> Data in this exercise
(* Let $G$ be a finite unipotent group scheme over an algebraically closed field $k$ of characteristic $p>0$, and suppose $A=kG$ has generators $u_1,\dots,u_n$ ($n>1$) satisfying Hypothesis H1. Then: (a) The set $\{u_1^{i_1}u_2^{i_2}\cdots u_n^{i_n} : 0\le i_j<p,\ j=1,\dots,n\}$ is a $k$-basis of $A$. (b) For each $s=1,\dots,n$, $J_s=Au_s+Au_{s+1}+\dots+Au_n$ is a two-sided ideal of $A$, and $x\,u_s^{p-1}u_{s+1}^{p-1}\cdots u_n^{p-1}=0$ for every $x\in J_s$. (c) Let $v=a_1u_1+\dots+a_nu_n$ with $a_1,\dots,a_n\in k$ and $a_i\neq 0$ for some $i<n$. If $v^p=0$, then $v^{p-1}u_n^{p-1}\neq 0$ (in particular $v^{p-1}\notin Au_n$), and the subalgebra of $A$ generated by $v$ and $u_n$ is isomorphic to $k[s,t]/(s^p,t^p)$ via $s\mapsto v$, $t\mapsto u_n$ (i.e. to the group algebra of an elementary abelian $p$-group of rank $2$).
   Context: Hypothesis H1: $G$ is a finite unipotent group scheme and $A=kG$ is generated as a $k$-algebra by elements $u_1,\dots,u_n$, $n>1$, such that (a) $u_i^p=0$ for all $i$; (b) for each $i=1,\dots,n-1$ the image of $u_i$ is central in $A/I_i$, where $I_i$ is the two-sided ideal generated by $u_{i+1},\dots,u_n$; (c) $u_n$ is central in $A$; (d) $\dim_k A=p^n$. *)

theory Defs
  imports Main "HOL-Computational_Algebra.Polynomial"
begin
(* For each natural number $N$ there exists $d_N>0$ such that for every complex $x$ with $|x|\ge d_N$ there exists $\theta\in\mathbb{C}$ with $|\theta|\le1$ such that \[ \log\Bigl(1-\sum_{n=1}^N\frac{n!}{x^n}\Bigr)^{-1}=\sum_{n=1}^N\frac{a_n}{n}\frac{1}{x^n}+\theta\,\frac{a_{N+1}}{N+1}\frac{1}{x^{N+1}}. \]
   Context: $\log$ denotes the principal branch of the logarithm. The integers $a_n$ are defined by $a_1=1$ and $a_n=n\cdot n!+\sum_{k=1}^{n-1}k!\,a_{n-k}$ for $n\ge2$; equivalently, as formal power series in $1/x$, $\log\bigl(1-\sum_{n\ge1}n!\,x^{-n}\bigr)^{-1}=\sum_{n\ge1}\frac{a_n}{n}x^{-n}$. *)

theory Defs
  imports "HOL-Complex_Analysis.Complex_Analysis"
begin

text \<open>The integers a_n: a_1 = 1, a_n = n n! + sum_{k=1}^{n-1} k! a_{n-k}.
  (The general recursion also gives a_1 = 1; a_0 = 0 is an unused convention.)\<close>
fun seq_a :: "nat \<Rightarrow> int" where
  "seq_a 0 = 0"
| "seq_a (Suc m) = int (Suc m * fact (Suc m)) + (\<Sum>k\<in>{1..m}. fact k * seq_a (Suc m - k))"

lemma seq_a_1: "seq_a 1 = 1" by simp

end

theory Submission
  imports Defs
begin

text \<open>Put y = 1/x and F(y) = \<Sum>n=1..N. n! y^n. Then g = Ln (1/(1 - F)) is analytic at 0 with
  g(0) = 0 and (1 - F) g' = F'. Read coefficientwise, this is the recursion defining a_n, except
  that truncating F after degree N lowers the coefficient of y^(N+1) in g from a_(N+1)/(N+1) to
  a_(N+1)/(N+1) - (N+1)!. Since a_(N+1) >= (N+1)(N+1)!, that coefficient has modulus strictly less
  than a_(N+1)/(N+1), and by continuity so has the remainder (g(y) - \<Sum>n=1..N. a_n/n y^n) / y^(N+1)
  for small y.\<close>

unbundle no vec_syntax

lemma seq_a_nonneg: "0 \<le> seq_a n"
proof (induction n rule: less_induct)
  case (less n)
  then show ?case
    by (cases n) (auto intro!: add_nonneg_nonneg sum_nonneg mult_nonneg_nonneg)
qed

lemma seq_a_Suc_ge: "int (Suc m) * fact (Suc m) \<le> seq_a (Suc m)"
proof -
  have "0 \<le> (\<Sum>k\<in>{1..m}. fact k * seq_a (Suc m - k))"
    using seq_a_nonneg by (intro sum_nonneg mult_nonneg_nonneg) auto
  then show ?thesis by (simp only: seq_a.simps of_nat_mult of_nat_fact)
qed

lemma seq_a_Suc_pos: "0 < seq_a (Suc m)"
proof -
  have "0 < int (Suc m) * fact (Suc m)"
    by (simp del: of_nat_Suc fact_Suc)
  with seq_a_Suc_ge[of m] show ?thesis
    by linarith
qed

lemma of_int_seq_a_Suc:
  "(of_int (seq_a (Suc m)) :: 'a::{comm_ring_1,ring_char_0}) =
     of_nat (Suc m) * fact (Suc m) + (\<Sum>k=1..m. fact k * of_int (seq_a (Suc m - k)))"
  by (simp only: seq_a.simps of_int_add of_int_of_nat_eq of_int_sum of_int_mult of_int_fact
      of_nat_mult of_nat_fact)

definition fact_fps :: "nat \<Rightarrow> 'a::{comm_ring_1,ring_char_0} fps" where
  "fact_fps N = Abs_fps (\<lambda>n. if n \<in> {1..N} then fact n else 0)"

lemma fps_deriv_nth_eq_seq_a:
  fixes D :: "'a::{comm_ring_1,ring_char_0} fps"
  assumes eq: "(1 - fact_fps N) * D = fps_deriv (fact_fps N)" and "j \<le> N"
  shows "D $ j = of_int (seq_a (Suc j)) - (if j = N then of_nat (Suc N) * fact (Suc N) else 0)"
  using \<open>j \<le> N\<close>
proof (induction j rule: less_induct)
  case (less j)
  have "D $ j - (\<Sum>i=0..j. fact_fps N $ i * D $ (j - i)) = of_nat (Suc j) * fact_fps N $ Suc j"
    using arg_cong[OF eq, of "\<lambda>F. F $ j"] by (simp only: left_diff_distrib fps_sub_nth
        mult_1 fps_mult_nth fps_deriv_nth Suc_eq_plus1)
  moreover have "(\<Sum>i=0..j. fact_fps N $ i * D $ (j - i)) =
      (\<Sum>k=1..j. fact k * of_int (seq_a (Suc j - k)))"
  proof -
    have "(\<Sum>i=0..j. fact_fps N $ i * D $ (j - i)) = (\<Sum>i=1..j. fact_fps N $ i * D $ (j - i))"
      by (simp add: sum.atLeast_Suc_atMost fact_fps_def)
    also have "\<dots> = (\<Sum>k=1..j. fact k * of_int (seq_a (Suc j - k)))"
    proof (rule sum.cong)
      fix i assume i: "i \<in> {1..j}"
      then have "D $ (j - i) = of_int (seq_a (Suc (j - i)))" using less by auto
      then show "fact_fps N $ i * D $ (j - i) = fact i * of_int (seq_a (Suc j - i))"
        using i less.prems by (simp add: fact_fps_def Suc_diff_le del: seq_a.simps)
    qed simp
    finally show ?thesis .
  qed
  ultimately show ?case
    using less.prems of_int_seq_a_Suc[of j, where 'a='a]
    by (auto simp: fact_fps_def algebra_simps simp del: of_nat_Suc fact_Suc)
qed

lemma has_fps_expansion_monomial_sum:
  fixes c :: "nat \<Rightarrow> 'a::{banach,real_normed_div_algebra,comm_ring_1}"
  assumes "finite A"
  shows "(\<lambda>z. \<Sum>n\<in>A. c n * z ^ n) has_fps_expansion Abs_fps (\<lambda>n. if n \<in> A then c n else 0)"
proof -
  have "(\<lambda>z. \<Sum>n\<in>A. c n * z ^ n) has_fps_expansion (\<Sum>n\<in>A. fps_const (c n) * fps_X ^ n)"
    by (intro has_fps_expansion_sum has_fps_expansion_cmult_left has_fps_expansion_fps_X_power)
  also have "(\<Sum>n\<in>A. fps_const (c n) * fps_X ^ n) = Abs_fps (\<lambda>n. if n \<in> A then c n else 0)"
    using assms by (intro fps_ext) (simp add: fps_sum_nth if_distrib cong: if_cong)
  finally show ?thesis .
qed

lemma has_field_derivative_Ln_inverse_one_minus:
  assumes "(f has_field_derivative f') (at z)" and "norm (f z) < 1"
  shows "((\<lambda>z. Ln (inverse (1 - f z))) has_field_derivative f' / (1 - f z)) (at z)"
proof -
  have "0 < Re (1 - f z)"
    using assms(2) abs_Re_le_cmod[of "f z"] by simp
  then have "0 < Re (inverse (1 - f z))"
    by (simp add: Re_complex_div_gt_0 inverse_eq_divide)
  then have "inverse (1 - f z) \<notin> \<real>\<^sub>\<le>\<^sub>0"
    by (auto simp: complex_nonpos_Reals_iff)
  moreover have "1 - f z \<noteq> 0"
    using assms(2) by auto
  then have "((\<lambda>z. inverse (1 - f z)) has_field_derivative f' / (1 - f z)^2) (at z)"
    using assms(1) by (auto intro!: derivative_eq_intros simp: power2_eq_square field_simps)
  ultimately have "((\<lambda>z. Ln (inverse (1 - f z))) has_field_derivative
      inverse (inverse (1 - f z)) * (f' / (1 - f z)^2)) (at z)"
    by (intro DERIV_chain2[OF has_field_derivative_Ln])
  with \<open>1 - f z \<noteq> 0\<close> show ?thesis
    by (simp add: power2_eq_square)
qed

lemma Ln_inverse_one_minus_has_fps_expansion:
  fixes f :: "complex \<Rightarrow> complex" and F :: "complex fps"
  assumes f: "f has_fps_expansion F" and "F $ 0 = 0"
  obtains G where "(\<lambda>z. Ln (inverse (1 - f z))) has_fps_expansion G"
    and "G $ 0 = 0" and "(1 - F) * fps_deriv G = fps_deriv F"
proof
  define g where "g z = Ln (inverse (1 - f z))" for z
  have "f 0 = 0"
    using has_fps_expansion_imp_0_eq_fps_nth_0[OF f] assms(2) by simp
  have "f analytic_on {0}"
    using f by (rule has_fps_expansion_imp_analytic_0)
  then obtain e where "e > 0" and hol: "f holomorphic_on ball 0 e"
    by (auto simp: analytic_on_def)
  from \<open>f analytic_on {0}\<close> have "g analytic_on {0}"
    unfolding g_def using \<open>f 0 = 0\<close> by (auto intro!: analytic_intros)
  then show G: "g has_fps_expansion fps_expansion g 0"
    by (rule analytic_at_imp_has_fps_expansion_0)
  show "fps_expansion g 0 $ 0 = 0"
    using has_fps_expansion_imp_0_eq_fps_nth_0[OF G] \<open>f 0 = 0\<close> by (simp add: g_def)
  have small: "eventually (\<lambda>z. norm (f z) < 1) (nhds 0)"
    using order_tendstoD(2)[OF tendsto_norm[OF has_fps_expansion_imp_tendsto_0[OF f]]] assms(2)
    by simp
  have "eventually (\<lambda>z. z \<in> ball 0 e) (nhds 0)"
    using \<open>e > 0\<close> by (intro eventually_nhds_in_open) auto
  with small have deriv_eq: "eventually (\<lambda>z. (1 - f z) * deriv g z = deriv f z) (nhds 0)"
  proof eventually_elim
    case (elim z)
    have "(f has_field_derivative deriv f z) (at z)"
      using hol elim(2) by (intro holomorphic_derivI) auto
    from has_field_derivative_Ln_inverse_one_minus[OF this elim(1)]
    have "deriv g z = deriv f z / (1 - f z)"
      unfolding g_def by (rule DERIV_imp_deriv)
    moreover have "1 - f z \<noteq> 0"
      using elim(1) by auto
    ultimately show ?case by simp
  qed
  have "(\<lambda>z. (1 - f z) * deriv g z) has_fps_expansion (1 - F) * fps_deriv (fps_expansion g 0)"
    using f G by (intro fps_expansion_intros)
  then have "deriv f has_fps_expansion (1 - F) * fps_deriv (fps_expansion g 0)"
    using has_fps_expansion_cong[OF deriv_eq refl] by simp
  moreover have "deriv f has_fps_expansion fps_deriv F"
    using f by (rule has_fps_expansion_deriv)
  ultimately show "(1 - F) * fps_deriv (fps_expansion g 0) = fps_deriv F"
    by (rule fps_expansion_unique_complex)
qed

lemma has_fps_expansion_remainder_bound:
  fixes f :: "complex \<Rightarrow> complex" and F :: "complex fps"
  assumes f: "f has_fps_expansion F" and low: "\<And>k. k \<le> n \<Longrightarrow> F $ k = 0"
    and bound: "norm (F $ Suc n) < B"
  shows "eventually (\<lambda>z. \<exists>h. norm h \<le> B \<and> f z = h * z ^ Suc n) (nhds 0)"
proof -
  define H where "H = fps_shift (Suc n) F"
  have F_eq: "F = H * fps_X ^ Suc n"
    by (rule fps_ext) (auto simp: H_def fps_X_power_mult_right_nth low simp del: power_Suc)
  have "fps_conv_radius H > 0"
    using f by (simp add: H_def has_fps_expansion_def)
  then have H: "eval_fps H has_fps_expansion H"
    by (rule eval_fps_has_fps_expansion)
  then have "(\<lambda>z. eval_fps H z * z ^ Suc n) has_fps_expansion F"
    unfolding F_eq by (intro fps_expansion_intros)
  with f have "eventually (\<lambda>z. f z = eval_fps H z * z ^ Suc n) (nhds 0)"
    unfolding has_fps_expansion_def by (auto elim: eventually_elim2)
  moreover have "eventually (\<lambda>z. norm (eval_fps H z) < B) (nhds 0)"
    using order_tendstoD(2)[OF tendsto_norm[OF has_fps_expansion_imp_tendsto_0[OF H]]] bound
    by (simp add: H_def)
  ultimately show ?thesis
    by eventually_elim (auto intro: less_imp_le)
qed

definition fact_poly :: "nat \<Rightarrow> complex \<Rightarrow> complex" where
  "fact_poly N y = (\<Sum>n=1..N. fact n * y ^ n)"

definition log_taylor_poly :: "nat \<Rightarrow> complex \<Rightarrow> complex" where
  "log_taylor_poly N y = (\<Sum>n=1..N. of_int (seq_a n) / of_nat n * y ^ n)"

lemma Ln_inverse_one_minus_fact_poly_remainder:
  "eventually (\<lambda>y. \<exists>h. norm h \<le> of_int (seq_a (Suc N)) / of_nat (Suc N) \<and>
      Ln (inverse (1 - fact_poly N y)) = log_taylor_poly N y + h * y ^ Suc N) (nhds 0)"
proof -
  have F: "fact_poly N has_fps_expansion fact_fps N"
    unfolding fact_poly_def fact_fps_def by (rule has_fps_expansion_monomial_sum) simp
  then obtain G where G: "(\<lambda>y. Ln (inverse (1 - fact_poly N y))) has_fps_expansion G"
    and G0: "G $ 0 = 0" and G_ode: "(1 - fact_fps N) * fps_deriv G = fps_deriv (fact_fps N)"
    by (rule Ln_inverse_one_minus_has_fps_expansion) (simp add: fact_fps_def)
  define Q :: "complex fps" where
    "Q = Abs_fps (\<lambda>n. if n \<in> {1..N} then of_int (seq_a n) / of_nat n else 0)"
  have "log_taylor_poly N has_fps_expansion Q"
    unfolding log_taylor_poly_def Q_def by (rule has_fps_expansion_monomial_sum) simp
  with G have R: "(\<lambda>y. Ln (inverse (1 - fact_poly N y)) - log_taylor_poly N y) has_fps_expansion G - Q"
    by (intro fps_expansion_intros)
  have G_Suc: "G $ Suc j =
      (of_int (seq_a (Suc j)) - (if j = N then of_nat (Suc N) * fact (Suc N) else 0)) / of_nat (Suc j)"
    if "j \<le> N" for j
    using fps_deriv_nth_eq_seq_a[OF G_ode that] by (simp add: field_simps del: of_nat_Suc)
  have "(G - Q) $ k = 0" if "k \<le> N" for k
    using that G0 G_Suc[of "k - 1"] by (cases k) (auto simp: Q_def)
  moreover have "norm ((G - Q) $ Suc N) < of_int (seq_a (Suc N)) / of_nat (Suc N)"
  proof -
    define a where "a = real_of_int (seq_a (Suc N)) / of_nat (Suc N)"
    have "real (Suc N) * fact (Suc N) \<le> real_of_int (seq_a (Suc N))"
      using seq_a_Suc_ge[of N, THEN of_int_le_iff[where 'a=real, THEN iffD2]] by (simp del: seq_a.simps)
    then have "fact (Suc N) \<le> a"
      unfolding a_def by (simp add: field_simps del: of_nat_Suc fact_Suc seq_a.simps)
    moreover have "(G - Q) $ Suc N = of_real (a - fact (Suc N))"
      using G_Suc[of N] by (simp add: a_def Q_def field_simps del: of_nat_Suc)
    ultimately have "norm ((G - Q) $ Suc N) = a - fact (Suc N)"
      by (metis abs_of_nonneg diff_ge_0_iff_ge norm_of_real)
    also have "\<dots> < a"
      by simp
    finally show ?thesis
      unfolding a_def .
  qed
  ultimately show ?thesis
    by (rule has_fps_expansion_remainder_bound[OF R, THEN eventually_mono]) (auto simp: algebra_simps)
qed

lemma eventually_nhds_0_imp_large_inverse:
  fixes P :: "'a::real_normed_div_algebra \<Rightarrow> bool"
  assumes "eventually P (nhds 0)"
  obtains d where "d > 0" and "\<And>x. d \<le> norm x \<Longrightarrow> P (inverse x)"
proof -
  have "eventually (\<lambda>x. P (inverse x)) at_infinity"
    using assms tendsto_inverse_0 unfolding filterlim_iff by blast
  then obtain b where "\<And>x. b \<le> norm x \<Longrightarrow> P (inverse x)"
    unfolding eventually_at_infinity by blast
  then show ?thesis
    using that[of "max b 1"] by simp
qed

theorem proposition5p5:
  fixes N :: nat
  shows "\<exists>d>0. \<forall>x::complex. norm x \<ge> d \<longrightarrow>
           (\<exists>\<theta>::complex. norm \<theta> \<le> 1 \<and>
              Ln (inverse (1 - (\<Sum>n=1..N. of_nat (fact n) / x ^ n))) =
                (\<Sum>n=1..N. of_int (seq_a n) / of_nat n * (1 / x ^ n))
                + \<theta> * (of_int (seq_a (N+1)) / of_nat (N+1)) * (1 / x ^ (N+1)))"
proof -
  define B where "B = real_of_int (seq_a (Suc N)) / of_nat (Suc N)"
  have "0 < B"
    using seq_a_Suc_pos[of N] by (simp add: B_def del: seq_a.simps)
  have B: "of_int (seq_a (N+1)) / of_nat (N+1) = complex_of_real B"
    by (simp add: B_def del: seq_a.simps)
  obtain d where "d > 0" and d: "\<And>x. d \<le> norm x \<Longrightarrow> \<exists>h. norm h \<le> B \<and>
      Ln (inverse (1 - fact_poly N (inverse x))) = log_taylor_poly N (inverse x) + h * inverse x ^ Suc N"
    using eventually_nhds_0_imp_large_inverse[OF Ln_inverse_one_minus_fact_poly_remainder[of N]]
    unfolding B_def by blast
  show ?thesis
  proof (intro exI[of _ d] conjI allI impI)
    fix x :: complex
    assume "d \<le> norm x"
    then obtain h where "norm h \<le> B" and h: "Ln (inverse (1 - fact_poly N (inverse x))) =
        log_taylor_poly N (inverse x) + h * inverse x ^ Suc N"
      using d by blast
    with \<open>0 < B\<close> show "\<exists>\<theta>::complex. norm \<theta> \<le> 1 \<and>
        Ln (inverse (1 - (\<Sum>n=1..N. of_nat (fact n) / x ^ n))) =
          (\<Sum>n=1..N. of_int (seq_a n) / of_nat n * (1 / x ^ n))
          + \<theta> * (of_int (seq_a (N+1)) / of_nat (N+1)) * (1 / x ^ (N+1))"
      unfolding B by (intro exI[of _ "h / of_real B"] conjI)
        (simp add: norm_divide, simp add: fact_poly_def log_taylor_poly_def power_inverse
          divide_inverse del: seq_a.simps)
  qed (rule \<open>d > 0\<close>)
qed

end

> About this task
Take the lines above from the one containing "define a where" down to the one containing "N) = a - fact", and transcribe them exactly, both ends included.

> Reply
    define a where "a = real_of_int (seq_a (Suc N)) / of_nat (Suc N)"
    have "real (Suc N) * fact (Suc N) \<le> real_of_int (seq_a (Suc N))"
      using seq_a_Suc_ge[of N, THEN of_int_le_iff[where 'a=real, THEN iffD2]] by (simp del: seq_a.simps)
    then have "fact (Suc N) \<le> a"
      unfolding a_def by (simp add: field_simps del: of_nat_Suc fact_Suc seq_a.simps)
    moreover have "(G - Q) $ Suc N = of_real (a - fact (Suc N))"
      using G_Suc[of N] by (simp add: a_def Q_def field_simps del: of_nat_Suc)
    ultimately have "norm ((G - Q) $ Suc N) = a - fact (Suc N)"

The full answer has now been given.